Look through the data below and report how many lines include "moreover". Only the number should be given.

*** SUPPLIED MATERIAL Section Begins ***

lemma null_translate_interiors_null:
  assumes "sets \<mu> = sets borel"
  shows "null_translate_interiors K \<mu> \<in> null_sets \<mu>"
proof -
  have "interior ((\<lambda>k. y - k) ` K) \<in> null_sets \<mu>" if "(\<lambda>k. y - k) ` K \<in> null_sets \<mu>" for y
    by (rule null_sets_subset[OF that]) (simp_all add: assms interior_subset)
  then show ?thesis
    unfolding null_translate_interiors_def by (intro null_sets_Union_open) auto
qed

lemma open_null_translate_interiors: "open (null_translate_interiors K \<mu>)"
  unfolding null_translate_interiors_def by auto

lemma disjoint_interior_translate_if_not_in_null_translate_interiors:
  fixes K :: "'a::euclidean_space set"
  assumes "closed K" "sets \<mu> = sets borel"
    and "AE y in lborel. indicator_conv K \<mu> y = indicator (UNIV - K) y"
    and "v \<notin> null_translate_interiors K \<mu>"
  shows "interior K \<inter> (+) v ` interior K = {}"
proof (rule ccontr)
  assume "interior K \<inter> (+) v ` interior K \<noteq> {}"
  then obtain y where y: "y \<in> interior K" "y \<in> (+) v ` interior K"
    and "indicator_conv K \<mu> y = indicator (UNIV - K) y"
    using AE_lborel_obtain_in_open[OF _ _ assms(3)] by (metis IntE open_Int open_interior open_translation)
  then have "emeasure \<mu> ((\<lambda>k. y - k) ` K) = 0"
    using interior_subset[of K] by (auto simp: indicator_conv_eq_emeasure[OF assms(1,2)])
  then have "(\<lambda>k. y - k) ` K \<in> null_sets \<mu>"
    using closed_reflected_translate[OF assms(1)] assms(2) by auto
  moreover have "v \<in> interior ((\<lambda>k. y - k) ` K)"
    using y(2) by (auto simp: interior_reflected_translate)
  ultimately have "v \<in> null_translate_interiors K \<mu>"
    unfolding null_translate_interiors_def by blast
  with assms(4) show False ..
qed

lemma one_le_emeasure_differences_near_boundary:
  fixes K :: "'a::euclidean_space set"
  assumes "compact K" "sets \<mu> = sets borel"
    and "AE y in lborel. indicator_conv K \<mu> y = indicator (UNIV - K) y"
    and "x \<in> frontier K" "r > 0"
  shows "1 \<le> emeasure \<mu> ({y - k | y k. y \<in> cball x r \<and> k \<in> K} - null_translate_interiors K \<mu>)"
proof -
  let ?N = "null_translate_interiors K \<mu>"
  have "closed K"
    using assms(1) by (rule compact_imp_closed)
  obtain w where "w \<notin> K" "dist x w < r"
    using assms(4,5) unfolding frontier_straddle by blast
  then have "ball x r - K \<noteq> {}"
    by auto
  moreover have "open (ball x r - K)"
    using \<open>closed K\<close> by auto
  ultimately obtain y where y: "y \<in> ball x r" "y \<notin> K"
    and "indicator_conv K \<mu> y = indicator (UNIV - K) y"
    using AE_lborel_obtain_in_open[OF _ _ assms(3)] by blast
  then have "1 = emeasure \<mu> ((\<lambda>k. y - k) ` K)"
    by (simp add: indicator_conv_eq_emeasure[OF \<open>closed K\<close> assms(2)])
  also have "\<dots> = emeasure \<mu> ((\<lambda>k. y - k) ` K - ?N)"
    using closed_reflected_translate[OF \<open>closed K\<close>] assms(2)
    by (intro emeasure_Diff_null_set[symmetric] null_translate_interiors_null) auto
  also have "\<dots> \<le> emeasure \<mu> ({y - k | y k. y \<in> cball x r \<and> k \<in> K} - ?N)"
  proof (rule emeasure_mono)
    show "(\<lambda>k. y - k) ` K - ?N \<subseteq> {y - k | y k. y \<in> cball x r \<and> k \<in> K} - ?N"
      using y(1) by fastforce
    have "compact ({y - k | y k. y \<in> cball x r \<and> k \<in> K} - ?N)"
      by (intro compact_diff compact_differences compact_cball assms(1) open_null_translate_interiors)
    then show "{y - k | y k. y \<in> cball x r \<and> k \<in> K} - ?N \<in> sets \<mu>"
      using assms(2) by (simp add: borel_compact)
  qed
  finally show ?thesis .
qed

*** SUPPLIED MATERIAL Section Ends ***

SOLUTION FOR THIS PROBLEM: 2